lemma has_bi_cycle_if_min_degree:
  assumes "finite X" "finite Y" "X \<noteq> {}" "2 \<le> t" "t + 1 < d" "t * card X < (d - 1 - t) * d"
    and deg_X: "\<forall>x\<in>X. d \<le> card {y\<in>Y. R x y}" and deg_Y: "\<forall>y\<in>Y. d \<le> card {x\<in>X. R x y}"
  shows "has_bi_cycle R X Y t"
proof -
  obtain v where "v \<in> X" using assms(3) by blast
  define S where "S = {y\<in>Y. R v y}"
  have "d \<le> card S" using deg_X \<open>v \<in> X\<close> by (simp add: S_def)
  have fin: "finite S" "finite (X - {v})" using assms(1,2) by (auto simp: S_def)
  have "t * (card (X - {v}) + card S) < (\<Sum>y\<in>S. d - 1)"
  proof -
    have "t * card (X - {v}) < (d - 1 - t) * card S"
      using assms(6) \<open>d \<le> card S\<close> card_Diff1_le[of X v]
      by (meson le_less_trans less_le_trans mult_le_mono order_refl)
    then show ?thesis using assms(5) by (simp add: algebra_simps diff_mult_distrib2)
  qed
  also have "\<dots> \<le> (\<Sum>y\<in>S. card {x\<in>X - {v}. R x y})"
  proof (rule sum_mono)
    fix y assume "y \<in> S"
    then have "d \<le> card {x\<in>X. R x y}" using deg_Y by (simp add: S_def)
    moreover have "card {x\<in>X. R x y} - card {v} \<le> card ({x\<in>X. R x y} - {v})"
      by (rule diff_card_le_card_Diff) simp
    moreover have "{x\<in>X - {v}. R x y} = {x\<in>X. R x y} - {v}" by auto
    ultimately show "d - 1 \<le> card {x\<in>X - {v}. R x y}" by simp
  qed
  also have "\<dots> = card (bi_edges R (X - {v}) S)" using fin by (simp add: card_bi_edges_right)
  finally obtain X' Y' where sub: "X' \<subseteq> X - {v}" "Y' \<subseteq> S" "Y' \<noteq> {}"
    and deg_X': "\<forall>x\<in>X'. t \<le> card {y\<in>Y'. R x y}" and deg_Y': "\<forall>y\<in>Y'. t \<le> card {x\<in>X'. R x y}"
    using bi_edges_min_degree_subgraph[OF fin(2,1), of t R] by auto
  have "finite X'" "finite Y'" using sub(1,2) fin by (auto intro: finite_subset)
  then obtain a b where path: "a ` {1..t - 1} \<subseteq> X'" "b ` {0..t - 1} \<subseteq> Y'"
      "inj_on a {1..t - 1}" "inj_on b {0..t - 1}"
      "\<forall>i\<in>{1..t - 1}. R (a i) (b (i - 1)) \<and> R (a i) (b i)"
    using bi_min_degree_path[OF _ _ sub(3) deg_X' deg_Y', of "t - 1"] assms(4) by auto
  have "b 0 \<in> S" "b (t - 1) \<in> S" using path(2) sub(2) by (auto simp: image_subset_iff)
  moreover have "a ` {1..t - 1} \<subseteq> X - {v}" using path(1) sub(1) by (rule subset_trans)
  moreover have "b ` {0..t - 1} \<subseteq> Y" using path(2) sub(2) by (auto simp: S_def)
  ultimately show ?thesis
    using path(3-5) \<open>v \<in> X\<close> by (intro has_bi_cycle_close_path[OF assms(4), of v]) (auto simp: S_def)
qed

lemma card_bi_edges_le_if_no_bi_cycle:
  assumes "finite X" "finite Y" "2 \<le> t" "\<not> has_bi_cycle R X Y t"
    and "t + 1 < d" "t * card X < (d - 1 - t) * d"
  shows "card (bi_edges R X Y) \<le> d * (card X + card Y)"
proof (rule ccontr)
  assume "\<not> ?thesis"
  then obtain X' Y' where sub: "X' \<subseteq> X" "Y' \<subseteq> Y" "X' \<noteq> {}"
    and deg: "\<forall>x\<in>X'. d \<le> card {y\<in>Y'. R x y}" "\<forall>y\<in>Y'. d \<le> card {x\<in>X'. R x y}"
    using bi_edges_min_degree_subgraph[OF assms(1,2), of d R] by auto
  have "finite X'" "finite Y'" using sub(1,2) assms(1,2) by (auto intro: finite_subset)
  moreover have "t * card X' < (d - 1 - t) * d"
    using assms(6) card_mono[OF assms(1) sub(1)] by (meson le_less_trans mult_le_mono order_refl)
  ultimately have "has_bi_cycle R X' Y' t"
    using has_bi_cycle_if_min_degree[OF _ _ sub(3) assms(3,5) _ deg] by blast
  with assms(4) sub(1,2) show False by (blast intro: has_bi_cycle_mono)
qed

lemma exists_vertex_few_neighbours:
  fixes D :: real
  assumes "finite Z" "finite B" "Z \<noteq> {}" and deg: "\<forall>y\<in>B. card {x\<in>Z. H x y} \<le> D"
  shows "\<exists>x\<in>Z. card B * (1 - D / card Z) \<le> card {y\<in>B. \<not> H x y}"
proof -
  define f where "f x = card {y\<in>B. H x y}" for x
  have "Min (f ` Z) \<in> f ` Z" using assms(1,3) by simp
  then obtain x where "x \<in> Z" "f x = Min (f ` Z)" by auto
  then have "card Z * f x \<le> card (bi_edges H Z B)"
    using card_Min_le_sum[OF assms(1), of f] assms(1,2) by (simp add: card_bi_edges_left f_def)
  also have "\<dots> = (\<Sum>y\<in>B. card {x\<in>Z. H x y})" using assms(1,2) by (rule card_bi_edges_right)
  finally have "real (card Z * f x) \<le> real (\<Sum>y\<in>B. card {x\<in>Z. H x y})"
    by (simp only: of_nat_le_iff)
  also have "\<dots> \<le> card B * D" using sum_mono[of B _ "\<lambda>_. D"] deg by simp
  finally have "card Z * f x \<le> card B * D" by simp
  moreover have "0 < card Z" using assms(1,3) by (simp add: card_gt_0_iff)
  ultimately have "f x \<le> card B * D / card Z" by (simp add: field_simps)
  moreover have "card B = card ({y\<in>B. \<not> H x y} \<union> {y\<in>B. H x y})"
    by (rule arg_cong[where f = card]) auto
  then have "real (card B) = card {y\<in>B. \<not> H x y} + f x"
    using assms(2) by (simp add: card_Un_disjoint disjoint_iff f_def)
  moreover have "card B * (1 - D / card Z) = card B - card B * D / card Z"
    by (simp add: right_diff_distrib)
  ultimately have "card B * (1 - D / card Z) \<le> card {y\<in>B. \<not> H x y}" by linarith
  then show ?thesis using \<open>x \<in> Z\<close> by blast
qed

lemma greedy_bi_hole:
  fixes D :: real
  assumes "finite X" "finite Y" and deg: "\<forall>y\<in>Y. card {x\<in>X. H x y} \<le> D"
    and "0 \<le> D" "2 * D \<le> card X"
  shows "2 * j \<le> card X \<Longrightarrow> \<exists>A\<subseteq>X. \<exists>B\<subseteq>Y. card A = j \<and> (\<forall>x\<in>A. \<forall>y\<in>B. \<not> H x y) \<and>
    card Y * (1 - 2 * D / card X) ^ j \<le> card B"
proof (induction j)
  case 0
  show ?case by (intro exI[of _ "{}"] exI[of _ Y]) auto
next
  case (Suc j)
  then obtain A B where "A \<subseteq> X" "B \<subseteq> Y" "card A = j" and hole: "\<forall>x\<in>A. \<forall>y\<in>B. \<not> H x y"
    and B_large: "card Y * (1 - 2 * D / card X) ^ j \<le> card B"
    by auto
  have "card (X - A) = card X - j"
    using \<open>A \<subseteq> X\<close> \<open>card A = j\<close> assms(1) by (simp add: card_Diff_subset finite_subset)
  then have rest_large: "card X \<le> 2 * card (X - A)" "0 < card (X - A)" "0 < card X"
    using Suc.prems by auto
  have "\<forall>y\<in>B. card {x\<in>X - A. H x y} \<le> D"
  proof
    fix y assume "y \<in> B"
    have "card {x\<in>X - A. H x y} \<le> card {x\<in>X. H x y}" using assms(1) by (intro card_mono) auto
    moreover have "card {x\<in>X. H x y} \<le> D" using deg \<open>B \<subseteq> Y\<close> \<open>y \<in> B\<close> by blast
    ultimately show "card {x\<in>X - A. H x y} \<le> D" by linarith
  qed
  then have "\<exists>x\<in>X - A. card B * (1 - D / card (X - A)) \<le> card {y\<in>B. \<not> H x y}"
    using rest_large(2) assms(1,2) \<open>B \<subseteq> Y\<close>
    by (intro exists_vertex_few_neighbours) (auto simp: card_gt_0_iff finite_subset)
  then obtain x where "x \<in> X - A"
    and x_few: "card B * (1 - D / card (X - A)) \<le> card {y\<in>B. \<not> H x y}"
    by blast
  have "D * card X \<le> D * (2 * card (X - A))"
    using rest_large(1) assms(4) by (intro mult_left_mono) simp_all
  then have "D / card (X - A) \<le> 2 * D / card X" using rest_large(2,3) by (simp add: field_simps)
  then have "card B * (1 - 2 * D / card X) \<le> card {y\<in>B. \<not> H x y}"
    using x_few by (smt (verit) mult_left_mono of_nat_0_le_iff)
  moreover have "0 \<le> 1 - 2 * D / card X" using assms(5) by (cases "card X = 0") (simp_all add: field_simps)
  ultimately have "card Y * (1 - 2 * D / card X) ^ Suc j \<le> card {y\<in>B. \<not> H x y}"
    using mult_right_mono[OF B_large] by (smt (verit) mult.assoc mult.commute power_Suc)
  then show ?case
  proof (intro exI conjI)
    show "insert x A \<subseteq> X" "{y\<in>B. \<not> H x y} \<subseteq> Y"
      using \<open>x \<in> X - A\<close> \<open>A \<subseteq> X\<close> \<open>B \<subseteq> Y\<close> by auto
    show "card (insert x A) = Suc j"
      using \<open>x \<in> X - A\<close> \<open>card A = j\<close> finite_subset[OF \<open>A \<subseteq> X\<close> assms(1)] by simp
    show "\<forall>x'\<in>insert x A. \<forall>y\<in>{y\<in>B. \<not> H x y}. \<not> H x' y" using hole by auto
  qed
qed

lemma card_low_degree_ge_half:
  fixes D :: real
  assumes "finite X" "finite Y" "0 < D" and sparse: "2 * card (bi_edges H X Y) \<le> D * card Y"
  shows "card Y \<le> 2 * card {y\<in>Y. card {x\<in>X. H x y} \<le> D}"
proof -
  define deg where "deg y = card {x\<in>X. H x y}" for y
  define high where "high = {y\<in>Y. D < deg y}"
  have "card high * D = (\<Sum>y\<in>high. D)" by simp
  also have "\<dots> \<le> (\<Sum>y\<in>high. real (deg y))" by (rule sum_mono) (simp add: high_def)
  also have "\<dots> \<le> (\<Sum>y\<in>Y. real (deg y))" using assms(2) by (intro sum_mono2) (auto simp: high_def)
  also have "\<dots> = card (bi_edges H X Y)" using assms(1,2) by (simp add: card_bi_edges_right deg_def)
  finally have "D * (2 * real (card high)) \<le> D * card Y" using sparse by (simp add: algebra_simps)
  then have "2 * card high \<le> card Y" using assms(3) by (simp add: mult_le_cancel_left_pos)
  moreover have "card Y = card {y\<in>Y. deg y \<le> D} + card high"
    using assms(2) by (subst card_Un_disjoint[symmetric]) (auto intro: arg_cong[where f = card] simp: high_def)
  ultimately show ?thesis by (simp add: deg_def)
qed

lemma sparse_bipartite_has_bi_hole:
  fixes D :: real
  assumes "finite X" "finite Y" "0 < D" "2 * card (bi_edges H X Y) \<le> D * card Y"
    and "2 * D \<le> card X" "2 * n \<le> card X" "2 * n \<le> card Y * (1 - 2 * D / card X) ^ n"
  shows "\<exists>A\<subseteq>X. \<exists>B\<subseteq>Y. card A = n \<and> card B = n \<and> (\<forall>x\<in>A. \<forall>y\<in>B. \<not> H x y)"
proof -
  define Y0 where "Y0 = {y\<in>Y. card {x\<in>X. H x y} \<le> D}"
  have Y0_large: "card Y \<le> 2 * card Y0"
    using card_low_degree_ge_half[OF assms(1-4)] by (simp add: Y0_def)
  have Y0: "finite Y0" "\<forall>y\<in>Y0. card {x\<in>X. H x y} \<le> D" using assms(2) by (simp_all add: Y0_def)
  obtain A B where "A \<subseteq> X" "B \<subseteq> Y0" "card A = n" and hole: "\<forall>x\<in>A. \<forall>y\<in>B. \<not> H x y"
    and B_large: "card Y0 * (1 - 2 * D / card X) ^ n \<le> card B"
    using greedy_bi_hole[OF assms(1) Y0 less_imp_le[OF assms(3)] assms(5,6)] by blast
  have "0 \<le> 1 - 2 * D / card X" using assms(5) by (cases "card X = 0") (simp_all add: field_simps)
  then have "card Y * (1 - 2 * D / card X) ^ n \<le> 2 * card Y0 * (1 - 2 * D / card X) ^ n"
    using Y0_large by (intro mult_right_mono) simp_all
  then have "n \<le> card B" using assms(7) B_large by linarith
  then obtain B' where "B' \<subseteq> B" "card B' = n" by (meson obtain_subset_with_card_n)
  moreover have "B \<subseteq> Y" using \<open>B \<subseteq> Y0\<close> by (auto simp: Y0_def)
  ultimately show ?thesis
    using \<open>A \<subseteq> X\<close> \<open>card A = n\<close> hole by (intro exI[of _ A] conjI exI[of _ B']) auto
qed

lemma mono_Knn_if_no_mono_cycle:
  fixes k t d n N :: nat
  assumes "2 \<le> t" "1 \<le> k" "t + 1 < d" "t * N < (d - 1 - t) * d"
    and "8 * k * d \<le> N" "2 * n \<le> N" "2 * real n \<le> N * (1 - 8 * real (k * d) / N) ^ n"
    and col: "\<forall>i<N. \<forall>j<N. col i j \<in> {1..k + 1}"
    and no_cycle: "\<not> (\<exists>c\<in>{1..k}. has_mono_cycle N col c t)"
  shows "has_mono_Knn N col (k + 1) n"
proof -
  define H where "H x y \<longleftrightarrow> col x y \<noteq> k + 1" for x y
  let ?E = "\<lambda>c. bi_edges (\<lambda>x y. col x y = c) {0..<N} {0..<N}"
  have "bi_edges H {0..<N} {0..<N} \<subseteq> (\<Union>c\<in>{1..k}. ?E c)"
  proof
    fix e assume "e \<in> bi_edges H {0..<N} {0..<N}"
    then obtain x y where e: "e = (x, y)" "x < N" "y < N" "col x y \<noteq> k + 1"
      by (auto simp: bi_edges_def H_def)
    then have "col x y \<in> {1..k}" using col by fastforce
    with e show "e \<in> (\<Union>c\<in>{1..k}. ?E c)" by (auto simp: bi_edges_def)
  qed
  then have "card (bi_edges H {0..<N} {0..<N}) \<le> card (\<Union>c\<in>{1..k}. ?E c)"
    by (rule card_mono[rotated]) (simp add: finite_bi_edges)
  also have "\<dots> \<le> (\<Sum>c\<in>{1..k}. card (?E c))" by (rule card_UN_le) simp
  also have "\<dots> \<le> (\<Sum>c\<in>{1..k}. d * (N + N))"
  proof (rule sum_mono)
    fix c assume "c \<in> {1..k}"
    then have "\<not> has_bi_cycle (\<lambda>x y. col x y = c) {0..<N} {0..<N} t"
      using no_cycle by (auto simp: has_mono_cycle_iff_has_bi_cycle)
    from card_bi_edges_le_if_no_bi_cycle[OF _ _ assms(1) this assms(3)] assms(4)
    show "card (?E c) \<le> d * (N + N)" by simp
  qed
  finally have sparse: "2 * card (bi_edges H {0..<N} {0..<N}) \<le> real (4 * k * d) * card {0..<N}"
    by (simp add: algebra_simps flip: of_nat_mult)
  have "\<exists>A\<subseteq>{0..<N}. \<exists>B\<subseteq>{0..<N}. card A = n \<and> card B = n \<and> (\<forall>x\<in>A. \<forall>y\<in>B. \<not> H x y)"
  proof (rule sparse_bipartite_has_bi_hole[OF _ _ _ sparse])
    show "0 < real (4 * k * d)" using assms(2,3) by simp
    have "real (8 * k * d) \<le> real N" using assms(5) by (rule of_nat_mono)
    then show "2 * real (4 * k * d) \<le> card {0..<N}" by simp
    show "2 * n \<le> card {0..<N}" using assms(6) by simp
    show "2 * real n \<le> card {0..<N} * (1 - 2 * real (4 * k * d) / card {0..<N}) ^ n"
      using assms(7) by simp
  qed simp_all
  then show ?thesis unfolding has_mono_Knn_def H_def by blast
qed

* [WHAT IS EXPECTED]
Copy the entries above exactly, but only from the line holding "define deg where" through the line holding "(simp add: mult_le_cancel_left_pos)", both included.

* [ANSWER TO THE EXERCISE]
  define deg where "deg y = card {x\<in>X. H x y}" for y
  define high where "high = {y\<in>Y. D < deg y}"
  have "card high * D = (\<Sum>y\<in>high. D)" by simp
  also have "\<dots> \<le> (\<Sum>y\<in>high. real (deg y))" by (rule sum_mono) (simp add: high_def)
  also have "\<dots> \<le> (\<Sum>y\<in>Y. real (deg y))" using assms(2) by (intro sum_mono2) (auto simp: high_def)
  also have "\<dots> = card (bi_edges H X Y)" using assms(1,2) by (simp add: card_bi_edges_right deg_def)
  finally have "D * (2 * real (card high)) \<le> D * card Y" using sparse by (simp add: algebra_simps)
  then have "2 * card high \<le> card Y" using assms(3) by (simp add: mult_le_cancel_left_pos)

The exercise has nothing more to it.